▸ Directions
In the data below, which lines hold "mean"? Copy every one.

▸ Task input
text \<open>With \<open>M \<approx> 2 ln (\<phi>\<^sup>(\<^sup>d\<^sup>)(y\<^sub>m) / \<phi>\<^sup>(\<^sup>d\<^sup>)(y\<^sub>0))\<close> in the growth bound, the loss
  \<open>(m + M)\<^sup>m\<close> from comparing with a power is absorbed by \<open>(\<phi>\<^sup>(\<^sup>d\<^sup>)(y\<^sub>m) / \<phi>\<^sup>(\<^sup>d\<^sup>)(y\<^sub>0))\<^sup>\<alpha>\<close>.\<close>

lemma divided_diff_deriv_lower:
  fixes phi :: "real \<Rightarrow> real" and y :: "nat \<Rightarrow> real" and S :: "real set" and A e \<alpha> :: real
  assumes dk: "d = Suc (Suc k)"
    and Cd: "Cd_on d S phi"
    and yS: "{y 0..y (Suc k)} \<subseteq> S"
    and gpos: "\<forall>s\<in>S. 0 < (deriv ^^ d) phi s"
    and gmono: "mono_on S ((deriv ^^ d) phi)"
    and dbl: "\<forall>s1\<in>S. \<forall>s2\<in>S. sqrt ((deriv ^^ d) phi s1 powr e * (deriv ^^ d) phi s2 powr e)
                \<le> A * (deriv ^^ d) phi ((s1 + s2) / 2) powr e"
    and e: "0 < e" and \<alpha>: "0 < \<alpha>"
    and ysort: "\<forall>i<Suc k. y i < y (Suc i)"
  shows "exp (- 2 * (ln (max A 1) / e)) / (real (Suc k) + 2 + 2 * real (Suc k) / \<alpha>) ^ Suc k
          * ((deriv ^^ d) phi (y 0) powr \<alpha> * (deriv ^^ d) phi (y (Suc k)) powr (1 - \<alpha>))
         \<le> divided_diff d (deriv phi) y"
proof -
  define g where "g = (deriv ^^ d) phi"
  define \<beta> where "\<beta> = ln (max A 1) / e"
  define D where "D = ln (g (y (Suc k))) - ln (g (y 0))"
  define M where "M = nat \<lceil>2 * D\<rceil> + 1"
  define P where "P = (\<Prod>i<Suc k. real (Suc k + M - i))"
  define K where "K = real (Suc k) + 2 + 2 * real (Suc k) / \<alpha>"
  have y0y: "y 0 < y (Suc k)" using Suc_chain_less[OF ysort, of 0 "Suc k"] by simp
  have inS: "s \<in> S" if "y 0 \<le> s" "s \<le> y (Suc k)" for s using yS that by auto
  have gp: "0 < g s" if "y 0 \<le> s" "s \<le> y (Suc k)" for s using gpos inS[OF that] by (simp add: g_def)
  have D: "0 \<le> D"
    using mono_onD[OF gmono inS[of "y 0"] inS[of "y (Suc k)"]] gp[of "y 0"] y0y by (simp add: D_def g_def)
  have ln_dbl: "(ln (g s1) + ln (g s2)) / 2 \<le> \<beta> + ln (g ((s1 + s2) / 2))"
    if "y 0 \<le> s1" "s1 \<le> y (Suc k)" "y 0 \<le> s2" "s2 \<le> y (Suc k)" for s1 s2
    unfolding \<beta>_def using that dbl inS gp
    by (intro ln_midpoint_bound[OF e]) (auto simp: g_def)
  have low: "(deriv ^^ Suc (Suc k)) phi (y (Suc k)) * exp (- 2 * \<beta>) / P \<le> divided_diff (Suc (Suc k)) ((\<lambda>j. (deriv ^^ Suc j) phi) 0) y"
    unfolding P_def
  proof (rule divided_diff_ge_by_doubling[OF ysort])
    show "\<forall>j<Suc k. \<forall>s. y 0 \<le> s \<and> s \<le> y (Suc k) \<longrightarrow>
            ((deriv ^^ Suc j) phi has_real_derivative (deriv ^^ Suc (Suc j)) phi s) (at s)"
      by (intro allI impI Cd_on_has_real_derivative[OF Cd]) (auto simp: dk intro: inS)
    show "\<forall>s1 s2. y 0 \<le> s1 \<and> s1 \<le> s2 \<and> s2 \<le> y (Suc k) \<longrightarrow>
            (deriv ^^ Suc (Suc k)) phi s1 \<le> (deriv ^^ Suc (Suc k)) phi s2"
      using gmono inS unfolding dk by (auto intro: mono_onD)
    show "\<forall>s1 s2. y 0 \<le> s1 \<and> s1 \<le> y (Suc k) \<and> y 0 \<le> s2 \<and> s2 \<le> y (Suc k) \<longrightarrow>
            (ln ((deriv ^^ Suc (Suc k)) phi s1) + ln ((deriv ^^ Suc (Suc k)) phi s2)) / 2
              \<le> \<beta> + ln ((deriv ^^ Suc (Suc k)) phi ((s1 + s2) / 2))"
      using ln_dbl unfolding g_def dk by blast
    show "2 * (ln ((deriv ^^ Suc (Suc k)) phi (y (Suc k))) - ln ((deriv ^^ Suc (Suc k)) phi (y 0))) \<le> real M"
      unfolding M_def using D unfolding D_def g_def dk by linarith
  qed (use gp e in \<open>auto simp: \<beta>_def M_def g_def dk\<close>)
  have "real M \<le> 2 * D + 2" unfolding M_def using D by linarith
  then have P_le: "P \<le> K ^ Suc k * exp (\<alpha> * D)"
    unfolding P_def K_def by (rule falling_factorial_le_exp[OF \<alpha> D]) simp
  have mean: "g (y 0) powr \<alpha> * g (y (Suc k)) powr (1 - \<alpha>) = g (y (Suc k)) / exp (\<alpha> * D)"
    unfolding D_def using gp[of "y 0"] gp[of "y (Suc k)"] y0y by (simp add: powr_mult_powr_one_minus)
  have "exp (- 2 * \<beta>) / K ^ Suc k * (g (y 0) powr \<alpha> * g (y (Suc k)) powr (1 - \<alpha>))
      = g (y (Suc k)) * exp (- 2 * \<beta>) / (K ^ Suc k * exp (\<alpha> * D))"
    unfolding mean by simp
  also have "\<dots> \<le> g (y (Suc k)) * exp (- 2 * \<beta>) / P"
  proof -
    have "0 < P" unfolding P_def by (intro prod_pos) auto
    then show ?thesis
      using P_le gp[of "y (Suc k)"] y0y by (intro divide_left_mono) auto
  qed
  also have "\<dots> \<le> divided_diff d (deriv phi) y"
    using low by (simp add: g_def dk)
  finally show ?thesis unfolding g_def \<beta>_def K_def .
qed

▸ Exercise solution
  have mean: "g (y 0) powr \<alpha> * g (y (Suc k)) powr (1 - \<alpha>) = g (y (Suc k)) / exp (\<alpha> * D)"
    unfolding mean by simp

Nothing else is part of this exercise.